Actually we want to catch up intentional anomalies, that's why some methods like classification and clusterization models could  be not effective: it seems that price only should be different in the same cluster or class and we don't know which one is incorrect. 

So here we suppose that the transaction price is the result of linear regression which depends on square, bedrooms number and floor number.
For this purpose we're going to reshape the column with floor data. Also we don't know initially how many values of floors are used.

In [98]:
df_floor = df.copy()

u = df["floor"].unique() #put all unique values to separate array 
add_col = len(u) #define the number of new columns for adding to primary dataframe 

#add firstly columns with zero values 
for i in range (0, add_col):
    s = str(u[i])
    df_floor[s] = 0

n_col = df.shape[1] #the number of columns in primary dataframe

#fill with 1 those cells which are equal to corresponding floor columns values 
for i in range (0, df_floor.shape[0]):
    for j in range (n_col, n_col + add_col):
        if int(df_floor.columns[j]) == df_floor.iloc[i]["floor"]:
            df_floor.at[i,df_floor.columns[j]] = 1
    
df_floor.drop("floor", axis=1, inplace=True)
df_res = df_floor.copy()

print ("Dataframe for further modelling consists of " + str(df_res.shape[0]) + " rows and " + str(df_res.shape[1]) + " columns")
df_res[:3]

Dataframe for further modelling consists of 100 rows and 9 columns


Unnamed: 0,transaction_price,square_meters,num_bedrooms,5,4,1,6,3,2
0,235072,57,1,1,0,0,0,0,0
1,246370,50,1,0,1,0,0,0,0
2,229739,50,1,1,0,0,0,0,0


## Linear Regression 

In [99]:
#function results
y = np.array(df_res["transaction_price"]) 

#function attributes 
df_reg = df_res.copy()
df_reg.drop("transaction_price", axis=1, inplace=True)
x = np.array(df_reg)

#use the regression model and find out its coefficients 
model = LinearRegression().fit(x, y)
b0 = model.intercept_
bn = model.coef_

In [100]:
b0

135146.79241841848

In [101]:
bn

array([  1440.659714  ,   5957.2036893 ,  11616.12610406,   7489.26464903,
       -29777.89010295,  30728.90894864,   9550.60570014, -29607.01529892])

It seems that the higher you live the more you should pay:)
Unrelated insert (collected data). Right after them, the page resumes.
definition J32 :: "('a::{order,finite} \<times> 'a \<times> 'a \<Rightarrow> 'r::comm_ring_1) set" where
  "J32 = {f \<in> I3. \<forall>x1 x2 x3. lng x1 x3 < 2 \<longrightarrow> f (x1, x2, x3) = 0}"

definition indecomposable :: "'r::comm_ring_1 itself \<Rightarrow> bool" where
  "indecomposable _ \<longleftrightarrow> (\<forall>e::'r. e * e = e \<longrightarrow> e = 0 \<or> e = 1)"

definition alg_iso3 ::
  "(('a::{order,finite} \<times> 'a \<times> 'a \<Rightarrow> 'r::comm_ring_1) \<Rightarrow> ('b::{order,finite} \<times> 'b \<times> 'b \<Rightarrow> 'r)) \<Rightarrow> bool" where
  "alg_iso3 \<Phi> \<longleftrightarrow> bij_betw \<Phi> I3 I3 \<and>
     (\<forall>f\<in>I3. \<forall>g\<in>I3. \<Phi> (\<lambda>t. f t + g t) = (\<lambda>t. \<Phi> f t + \<Phi> g t)) \<and>
     (\<forall>f\<in>I3. \<forall>c::'r. \<Phi> (\<lambda>t. c * f t) = (\<lambda>t. c * \<Phi> f t)) \<and>
     (\<forall>f\<in>I3. \<forall>g\<in>I3. \<Phi> (mult3 f g) = mult3 (\<Phi> f) (\<Phi> g))"

end

(*
  Put s = e_xxy + e_xyy for a covering pair x < y of P and S = Phi s.  In I^3(P, R) the element s
  is idempotent, s = e_xxx s + s e_yyy with s e_xxx = 0 = e_yyy s, and it satisfies the sandwich
  identities s (g s) = g(x,x,y) s and, when g(x,x,x) = 0, s ((g s) s) = s (g s).  Transported by
  Phi, the first facts make S an idempotent with zero diagonal.  Choose an interval [a, c] of Q
  that is minimal among those with S(a, t, c) <> 0 for some t.  Expanding S = S S over [a, c]
  shows that S(a, t, c) is one idempotent of R for all t in [a, c], hence equal to 1.  The second
  sandwich identity, applied to the preimage of e_aab, rules out any b strictly between a and c;
  the first, applied to the preimage of e_aac, shows that S vanishes above every other covering
  pair.  So S - e_aac - e_acc vanishes wherever l(x1, x3) < 2, i.e. it lies in J^3_2(Q, R).
*)
theory Submission
  imports Defs
begin

section \<open>The product of I3\<close>

lemma mult3_apply:
  "mult3 f g (x1, x2, x3) =
     (\<Sum>(y1, y2) \<in> {(y1, y2). x1 \<le> y1 \<and> y1 \<le> x2 \<and> x2 \<le> y2 \<and> y2 \<le> x3}.
        f (x1, y1, y2) * g (y1, y2, x3))"
  by (simp add: mult3_def)

lemma mult3_eq_single_term:
  fixes f g :: "'a::{order,finite} \<times> 'a \<times> 'a \<Rightarrow> 'r::comm_ring_1"
  assumes "x1 \<le> p1" "p1 \<le> x2" "x2 \<le> p2" "p2 \<le> x3"
    and "\<And>y1 y2. x1 \<le> y1 \<Longrightarrow> y1 \<le> x2 \<Longrightarrow> x2 \<le> y2 \<Longrightarrow> y2 \<le> x3 \<Longrightarrow> (y1, y2) \<noteq> (p1, p2) \<Longrightarrow>
           f (x1, y1, y2) * g (y1, y2, x3) = 0"
  shows "mult3 f g (x1, x2, x3) = f (x1, p1, p2) * g (p1, p2, x3)"
  unfolding mult3_apply
  by (subst sum.mono_neutral_cong_right[where S = "{(p1, p2)}"]) (use assms in auto)

lemma mult3_eq_0:
  fixes f g :: "'a::{order,finite} \<times> 'a \<times> 'a \<Rightarrow> 'r::comm_ring_1"
  assumes "\<And>y1 y2. x1 \<le> y1 \<Longrightarrow> y1 \<le> x2 \<Longrightarrow> x2 \<le> y2 \<Longrightarrow> y2 \<le> x3 \<Longrightarrow> f (x1, y1, y2) * g (y1, y2, x3) = 0"
  shows "mult3 f g (x1, x2, x3) = 0"
  unfolding mult3_apply by (rule sum.neutral) (use assms in auto)

lemma mult3_in_I3: "mult3 f g \<in> I3"
  unfolding I3_def by (auto intro!: mult3_eq_0 dest: order_trans)

lemma e3_in_I3: "a \<le> b \<Longrightarrow> b \<le> c \<Longrightarrow> e3 a b c \<in> I3"
  unfolding I3_def e3_def by auto

lemma zero_in_I3: "(\<lambda>_. 0) \<in> I3"
  unfolding I3_def by simp

lemma I3_eq_0: "f \<in> I3 \<Longrightarrow> \<not> (x \<le> y \<and> y \<le> z) \<Longrightarrow> f (x, y, z) = 0"
  unfolding I3_def by blast

lemma mult3_diag: "mult3 f g (v, v, v) = f (v, v, v) * g (v, v, v)"
  by (rule mult3_eq_single_term) auto

lemma mult3_e3_left:
  "mult3 (e3 a b c) h =
     (\<lambda>(x1, x2, x3). if x1 = a \<and> a \<le> b \<and> b \<le> x2 \<and> x2 \<le> c \<and> c \<le> x3 then h (b, c, x3) else 0)"
proof (intro ext, clarify)
  fix x1 x2 x3
  show "mult3 (e3 a b c) h (x1, x2, x3) =
          (if x1 = a \<and> a \<le> b \<and> b \<le> x2 \<and> x2 \<le> c \<and> c \<le> x3 then h (b, c, x3) else 0)"
  proof (cases "x1 = a \<and> a \<le> b \<and> b \<le> x2 \<and> x2 \<le> c \<and> c \<le> x3")
    case True
    then have "mult3 (e3 a b c) h (x1, x2, x3) = e3 a b c (x1, b, c) * h (b, c, x3)"
      by (intro mult3_eq_single_term) (auto simp: e3_def)
    with True show ?thesis by (simp add: e3_def)
  next
    case False
    then show ?thesis by (simp only: if_False, intro mult3_eq_0) (auto simp: e3_def)
  qed
qed

lemma mult3_e3_right:
  "mult3 h (e3 a b c) =
     (\<lambda>(x1, x2, x3). if x3 = c \<and> x1 \<le> a \<and> a \<le> x2 \<and> x2 \<le> b \<and> b \<le> c then h (x1, a, b) else 0)"
proof (intro ext, clarify)
  fix x1 x2 x3
  show "mult3 h (e3 a b c) (x1, x2, x3) =
          (if x3 = c \<and> x1 \<le> a \<and> a \<le> x2 \<and> x2 \<le> b \<and> b \<le> c then h (x1, a, b) else 0)"
  proof (cases "x3 = c \<and> x1 \<le> a \<and> a \<le> x2 \<and> x2 \<le> b \<and> b \<le> c")
    case True
    then have "mult3 h (e3 a b c) (x1, x2, x3) = h (x1, a, b) * e3 a b c (a, b, x3)"
      by (intro mult3_eq_single_term) (auto simp: e3_def)
    with True show ?thesis by (simp add: e3_def)
  next
    case False
    then show ?thesis by (simp only: if_False, intro mult3_eq_0) (auto simp: e3_def)
  qed
qed

lemma mult3_add_left: "mult3 (\<lambda>t. f t + g t) h = (\<lambda>t. mult3 f h t + mult3 g h t)"
  unfolding mult3_def by (auto simp: distrib_right sum.distrib split_def)

lemma mult3_add_right: "mult3 f (\<lambda>t. g t + h t) = (\<lambda>t. mult3 f g t + mult3 f h t)"
  unfolding mult3_def by (auto simp: distrib_left sum.distrib split_def)

lemma diag_eq_0_if_split:
  assumes "s = (\<lambda>t. mult3 d s t + mult3 s e t)" "mult3 s d = (\<lambda>_. 0)" "mult3 e s = (\<lambda>_. 0)"
  shows "s (v, v, v) = 0"
proof -
  have "s (v, v, v) = d (v, v, v) * s (v, v, v) + s (v, v, v) * e (v, v, v)"
    by (subst assms(1)) (simp only: mult3_diag)
  moreover have "s (v, v, v) * d (v, v, v) = 0" "e (v, v, v) * s (v, v, v) = 0"
    using fun_cong[OF assms(2), of "(v, v, v)"] fun_cong[OF assms(3), of "(v, v, v)"]
    by (simp_all only: mult3_diag)
  ultimately show ?thesis by (simp add: mult.commute)
qed

lemma diag_eq_0_if_absorbed:
  assumes "mult3 d s = s" "mult3 s d = (\<lambda>_. 0)"
  shows "s (v, v, v) = 0"
proof -
  have "s (v, v, v) = d (v, v, v) * s (v, v, v)" "s (v, v, v) * d (v, v, v) = 0"
    using fun_cong[OF assms(1), of "(v, v, v)"] fun_cong[OF assms(2), of "(v, v, v)"]
    by (simp_all only: mult3_diag)
  then show ?thesis by (simp add: mult.commute)
qed

section \<open>Covering pairs and length\<close>

definition covered_by :: "'a::order \<Rightarrow> 'a \<Rightarrow> bool" where
  "covered_by x y \<longleftrightarrow> x < y \<and> (\<forall>t. x \<le> t \<longrightarrow> t \<le> y \<longrightarrow> t = x \<or> t = y)"

lemma covered_by_less: "covered_by x y \<Longrightarrow> x < y"
  by (simp add: covered_by_def)

lemma covered_by_between: "covered_by x y \<Longrightarrow> x \<le> t \<Longrightarrow> t \<le> y \<Longrightarrow> t = x \<or> t = y"
  by (simp add: covered_by_def)

lemma finite_chain_lengths:
  "finite ((\<lambda>C. card C - 1) ` {C. C \<subseteq> {z::'a::{order,finite}. a \<le> z \<and> z \<le> b} \<and> is_chain C})"
  by simp

lemma lng_ge_card:
  fixes C :: "'a::{order,finite} set"
  assumes "C \<subseteq> {z. a \<le> z \<and> z \<le> b}" "is_chain C"
  shows "card C - 1 \<le> lng a b"
  unfolding lng_def by (rule Max_ge[OF finite_chain_lengths]) (use assms in blast)

lemma lng_ge_2:
  fixes a b c :: "'a::{order,finite}"
  assumes "a < b" "b < c"
  shows "2 \<le> lng a c"
proof -
  have "card {a, b, c} - 1 \<le> lng a c"
    by (rule lng_ge_card) (use assms in \<open>auto simp: is_chain_def\<close>)
  moreover have "card {a, b, c} = 3" using assms by (auto simp: card_insert_if)
  ultimately show ?thesis by simp
qed

lemma lng_less_2_cases:
  fixes a c :: "'a::{order,finite}"
  assumes "lng a c < 2" "a \<le> c"
  shows "a = c \<or> covered_by a c"
proof (cases "a = c")
  case False
  with assms(2) have "a < c" by simp
  moreover have "t = a \<or> t = c" if "a \<le> t" "t \<le> c" for t
    using lng_ge_2[of a t c] assms(1) that by force
  ultimately show ?thesis unfolding covered_by_def by blast
qed simp

lemma lng_eq_1_iff: "lng x y = 1 \<longleftrightarrow> covered_by x (y::'a::{order,finite})"
proof
  let ?L = "(\<lambda>C. card C - 1) ` {C. C \<subseteq> {z. x \<le> z \<and> z \<le> y} \<and> is_chain C}"
  assume lng1: "lng x y = 1"
  have "Max ?L \<in> ?L"
    by (rule Max_in[OF finite_chain_lengths]) (auto simp: is_chain_def)
  then have "1 \<in> ?L" using lng1 unfolding lng_def by simp
  then obtain C where C: "C \<subseteq> {z. x \<le> z \<and> z \<le> y}" "card C = 2" by force
  then obtain c d where "C = {c, d}" "c \<noteq> d" by (auto simp: card_2_iff)
  with C(1) have "x < y" by (auto simp: order.strict_iff_order)
  moreover have "t = x \<or> t = y" if "x \<le> t" "t \<le> y" for t
    using lng_ge_2[of x t y] that lng1 by force
  ultimately show "covered_by x y" unfolding covered_by_def by blast
next
  let ?L = "(\<lambda>C. card C - 1) ` {C. C \<subseteq> {z. x \<le> z \<and> z \<le> y} \<and> is_chain C}"
  assume cov: "covered_by x y"
  have upper: "n \<le> 1" if "n \<in> ?L" for n
  proof -
    from that obtain C where C: "C \<subseteq> {z. x \<le> z \<and> z \<le> y}" "n = card C - 1" by blast
    with cov have "C \<subseteq> {x, y}" unfolding covered_by_def by blast
    then have "card C \<le> card {x, y}" by (intro card_mono) auto
    moreover have "card {x, y} \<le> 2" by (cases "x = y") auto
    ultimately show "n \<le> 1" using C(2) by linarith
  qed
  have "card {x, y} - 1 \<in> ?L"
    using cov unfolding covered_by_def is_chain_def by (intro imageI CollectI) auto
  moreover have "card {x, y} - 1 = 1"
    using cov unfolding covered_by_def by (simp add: less_imp_neq)
  ultimately have "1 \<in> ?L" by simp
  then show "lng x y = 1"
    unfolding lng_def using upper by (intro Max_eqI finite_chain_lengths)
qed

section \<open>The element e_xxy + e_xyy\<close>

definition edge3 :: "'a::{order,finite} \<Rightarrow> 'a \<Rightarrow> 'a \<times> 'a \<times> 'a \<Rightarrow> 'r::comm_ring_1" where
  "edge3 x y = (\<lambda>t. e3 x x y t + e3 x y y t)"

lemma edge3_apply: "edge3 x y t = e3 x x y t + e3 x y y t"
  by (simp add: edge3_def)

lemma edge3_in_I3: "x \<le> y \<Longrightarrow> edge3 x y \<in> I3"
  unfolding edge3_def I3_def e3_def by auto

lemma edge3_nonzero: "x \<noteq> y \<Longrightarrow> edge3 x y \<noteq> (\<lambda>_. 0)"
  using fun_cong[of "edge3 x y" "\<lambda>_. 0" "(x, x, y)"] by (auto simp: edge3_apply e3_def)

context
  fixes x y :: "'a::{order,finite}"
  assumes cov: "covered_by x y"
begin

private lemma xy: "x \<le> y" "x \<noteq> y" "\<not> y \<le> x"
  using cov by (auto simp: covered_by_def)

private lemmas between = covered_by_between[OF cov]

lemma mult3_edge3_left:
  "mult3 (edge3 x y) h =
     (\<lambda>(x1, x2, x3). (if x1 = x \<and> x \<le> x2 \<and> x2 \<le> y \<and> y \<le> x3 then h (x, y, x3) else 0)
        + (if x1 = x \<and> x2 = y \<and> y \<le> x3 then h (y, y, x3) else 0))"
  using xy unfolding edge3_def mult3_add_left mult3_e3_left
  by (intro ext) (auto split: prod.splits)

lemma mult3_edge3_right:
  "mult3 h (edge3 x y) =
     (\<lambda>(x1, x2, x3). (if x3 = y \<and> x1 \<le> x \<and> x2 = x then h (x1, x, x) else 0)
        + (if x3 = y \<and> x1 \<le> x \<and> x \<le> x2 \<and> x2 \<le> y then h (x1, x, y) else 0))"
  using xy unfolding edge3_def mult3_add_right mult3_e3_right
  by (intro ext) (auto split: prod.splits)

lemma mult3_edge3_idem: "mult3 (edge3 x y) (edge3 x y) = edge3 x y"
proof (intro ext, clarify)
  fix x1 x2 x3
  show "mult3 (edge3 x y) (edge3 x y) (x1, x2, x3) = edge3 x y (x1, x2, x3)"
    unfolding mult3_edge3_left using xy between[of x2] by (auto simp: edge3_apply e3_def)
qed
Now we're going to calculate the corresponding model result for each row of primary dataframe.

In [102]:
fin_df = df_res.copy()
fin_df["reg_sum"] = 0 #that's new column with regression's result

for i in range (0, fin_df.shape[0]):
    reg_sum = b0
    for j in range(1, len(bn)): 
        reg_sum = reg_sum + (bn[j-1] * fin_df.iloc[i][j])
    fin_df.at[i,["reg_sum"]] = int(reg_sum)

In [103]:
fin_df[:5]

Unnamed: 0,transaction_price,square_meters,num_bedrooms,5,4,1,6,3,2,reg_sum
0,235072,57,1,1,0,0,0,0,0,234837
1,246370,50,1,0,1,0,0,0,0,220626
2,229739,50,1,1,0,0,0,0,0,224753
3,235836,106,1,0,0,1,0,0,0,264036
4,239066,51,1,0,0,0,1,0,0,245306


## Anomalies Investigation via Standart Score

Now we need to define anomalies. The more difference between transaction price and regression result the higher probability of incorrectness.
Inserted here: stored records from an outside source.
lemma stacked_rank_bound:
  fixes G :: "(bool \<times> nat \<Rightarrow> 'a::field) set"
  assumes "finite G" "\<forall>j<q. stack (unit_vec j) (y j) \<in> fv.span G"
  shows "q + fv.dim {z. stack 0 z \<in> fv.span G} \<le> card G"
proof -
  define W where "W = {z. stack 0 z \<in> fv.span G}"
  obtain B where B: "B \<subseteq> W" "fv.independent B" "card B = fv.dim W"
    by (rule fv.basis_exists)
  define T where "T = (\<lambda>j. stack (unit_vec j) (y j)) ` {..<q} \<union> stack 0 ` B"
  have "T \<subseteq> fv.span G" using assms(2) B(1) unfolding T_def W_def by auto
  then have T: "finite T \<and> card T \<le> card G"
    using fv.independent_span_bound[OF assms(1) stacked_independent[OF B(2)]] unfolding T_def by blast
  have inj0: "inj (stack 0 :: _ \<Rightarrow> bool \<times> nat \<Rightarrow> 'a)" by (auto simp: inj_def stack_eq_iff)
  have finB: "finite B"
    using T inj0 unfolding T_def by (auto dest: finite_imageD intro: inj_on_subset)
  have inj_cols: "inj_on (\<lambda>j. stack (unit_vec j) (y j) :: bool \<times> nat \<Rightarrow> 'a) {..<q}"
    using inj_unit_vec by (auto simp: inj_on_def inj_def stack_eq_iff)
  have "card T = q + card B"
    unfolding T_def using finB inj0 inj_cols
    by (subst card_Un_disjoint) (auto simp: card_image inj_on_subset stack_eq_iff unit_vec_nonzero)
  then show ?thesis using T B(3) unfolding W_def by simp
qed

lemma lower_block_subspace: "fv.subspace {z. stack 0 z \<in> fv.span (G :: (bool \<times> nat \<Rightarrow> 'a::field) set)}"
  using module_hom.subspace_vimage[OF stack_zero_hom fv.subspace_span] by (simp add: vimage_def)

lemma lower_block_span: "{z. stack 0 z \<in> fv.span (G :: (bool \<times> nat \<Rightarrow> 'a::field) set)} \<subseteq> fv.span (lower ` G)"
  using module_hom.spans_image[OF lower_hom, of "fv.span G" G] by (force simp: fv.span_superset)

lemma graph_in_span:
  assumes Z: "module_hom (fsc :: 'a::field \<Rightarrow> _) fsc Z"
    and graph: "\<forall>j<m. stack (unit_vec j) (Z (unit_vec j)) \<in> fv.span G"
    and x: "\<forall>i\<ge>m. x i = (0::'a)"
  shows "stack x (Z x) \<in> fv.span G"
proof -
  define y where "y = (\<Sum>j<m. fsc (x j) (unit_vec j))"
  have "x = y" unfolding y_def by (rule unit_vec_expansion[OF x])
  then have "stack x (Z x) = stack y (Z y)" by simp
  also have "\<dots> = (\<Sum>j<m. stack (fsc (x j) (unit_vec j)) (Z (fsc (x j) (unit_vec j))))"
    unfolding y_def by (rule module_hom.sum[OF graph_hom[OF Z]])
  also have "\<dots> = (\<Sum>j<m. fsc (x j) (stack (unit_vec j) (Z (unit_vec j))))"
    by (simp add: module_hom.scale[OF graph_hom[OF Z]])
  also have "\<dots> \<in> fv.span G"
    using graph by (intro fv.span_sum fv.span_scale) auto
  finally show ?thesis .
qed

lemma rank_one_image_in_span:
  fixes G :: "(bool \<times> nat \<Rightarrow> 'a::field) set"
  defines "W \<equiv> {z. stack 0 z \<in> fv.span G}"
  assumes Z: "module_hom fsc fsc Z" "\<And>y. Z (Z y) = 0"
    and graph: "\<forall>j<m. stack (unit_vec j) (Z (unit_vec j)) \<in> fv.span G"
    and gen: "stack (fsc \<alpha> x) (fsc \<beta> x) \<in> fv.span G" and x: "\<forall>i\<ge>m. x i = 0"
  shows "Z (fsc \<alpha> x) \<in> fv.span ((W \<inter> {y. Z y = 0}) \<union> Z ` W)"
proof (cases "\<alpha> = 0")
  case True
  then show ?thesis using module_hom.zero[OF Z(1)] by (simp add: fv.span_zero)
next
  case False
  define t where "t = \<beta> / \<alpha>"
  have "stack x (fsc t x) = fsc (1 / \<alpha>) (stack (fsc \<alpha> x) (fsc \<beta> x))"
    using False by (simp add: stack_scale t_def)
  then have "stack x (fsc t x) \<in> fv.span G" using gen by (simp add: fv.span_scale)
  moreover have "stack x (Z x) \<in> fv.span G" by (rule graph_in_span[OF Z(1) graph x])
  ultimately have "stack x (fsc t x) - stack x (Z x) \<in> fv.span G" by (rule fv.span_diff)
  then have "fsc t x - Z x \<in> W" unfolding W_def by (simp add: stack_diff)
  then have "Z x \<in> fv.span ((W \<inter> {y. Z y = 0}) \<union> Z ` W)"
    using fv.square_zero_image_in_span[OF Z] lower_block_subspace unfolding W_def by blast
  then show ?thesis using module_hom.scale[OF Z(1)] by (simp add: fv.span_scale)
qed
(* Let $f:\Sigma\to\mathbb{S}^4_1$ be a non-isotropic conformal marginally trapped immersion with null Gauss map $G$. Then $f$ has identically zero mean curvature vector if and only if $G:\Sigma\to\mathbb{S}^3$ is a Willmore surface, i.e. its conformal invariants satisfy $k_{\bar z\bar z}+\frac{\bar s}{2}k=0$ for every local complex coordinate $z$.
   Context: $\mathbb{R}^5_1$ is $\mathbb{R}^5$ with $\langle x,y\rangle=x_0y_0+x_1y_1+x_2y_2+x_3y_3-x_4y_4$ (complex-bilinearly extended), $\mathbb{S}^4_1=\{\langle x,x\rangle=1\}$, future pointing means $\langle X,e_4\rangle<0$; $\mathcal L$ the light cone, $\mathbb{S}^3\cong P(\mathcal L)$. $f$ conformal spacelike immersion, $\langle f_z,f_{\bar z}\rangle=e^{2u}$; positively oriented orthonormal normal frame $\{N_1,N_2\}$: $\langle N_1,N_1\rangle=1,\langle N_2,N_2\rangle=-1,\langle N_1,N_2\rangle=0$, $N_2$ future pointing, orientation of $\nu(f)$; $\xi_1=\langle f_{zz},N_1\rangle$, $\xi_2=-\langle f_{zz},N_2\rangle$. $\mathbf H$: $f_{z\bar z}=-e^{2u}f+e^{2u}\mathbf H$; marginally trapped: $\langle\mathbf H,\mathbf H\rangle=0$, orientation with $\mathbf H=h(N_1+N_2)$. Non-isotropic: $\xi_1^2-\xi_2^2$ nowhere zero. Null Gauss map $G=[N_1+N_2]$. For a conformal immersion into $P(\mathcal L)$: canonical lift $Y$ (future light cone, $\langle Y_z,Y_{\bar z}\rangle=\frac12$), $V=\mathrm{span}\{Y,Y_z,Y_{\bar z},Y_{z\bar z}\}$, $N\in\Gamma(V)$ unique with $\langle N,N\rangle=\langle N,Y_z\rangle=0,\langle Y,N\rangle=-1$, Schwarzian $s=2\langle Y_{zz},N\rangle$, normal Hopf differential $\kappa=Y_{zz}+\frac s2Y$; for $G$, $V^\perp=\mathbb Rf$ and $k$ is the complex function with $\kappa=kf$. *)

theory Defs
  imports "HOL-Analysis.Analysis"
begin

(* Complexified Minkowski space R^5_1: vectors in complex^5 (components indexed 0..4),
   real vectors are those with vanishing imaginary parts. *)
type_synonym cvec = "complex ^ 5"

definition lor :: "cvec \<Rightarrow> cvec \<Rightarrow> complex" where
  "lor x y = x$0 * y$0 + x$1 * y$1 + x$2 * y$2 + x$3 * y$3 - x$4 * y$4"

definition realv :: "cvec \<Rightarrow> bool" where
  "realv v \<longleftrightarrow> (\<forall>i. Im (v$i) = 0)"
We will use z-score or standard score - basically it's the number of standard deviations by which the value is above or below the mean value of what is being measured. Raw scores above the mean have positive standard scores, while those below the mean have negative standard scores.

Here we're going to evaluate the difference between transaction price and regression result as a random variable.

The standard score is calculating by following approach: z = (x - Xavg) / S, where x is a variable value, Xavg - an average value for full sample (arithmetical mean: Xavg = sum(x) / N, where N is the observation number), S - a standart deviasion of full sample).

S is the square root of standart variance, S = sqrt ( sum ((x - Xavg)^2) / N )

In [104]:
fin_df["delta"] = fin_df["reg_sum"] - fin_df["transaction_price"] #respectively it's x in description above

avg = fin_df.mean()["delta"] #Xavg

fin_df["delta_sq"] = (fin_df["delta"] - avg) ** 2 #(x - Xavg)^2

count = fin_df.count()["delta_sq"] #N

sum = fin_df.sum()["delta_sq"] #sum ((x - Xavg)^2)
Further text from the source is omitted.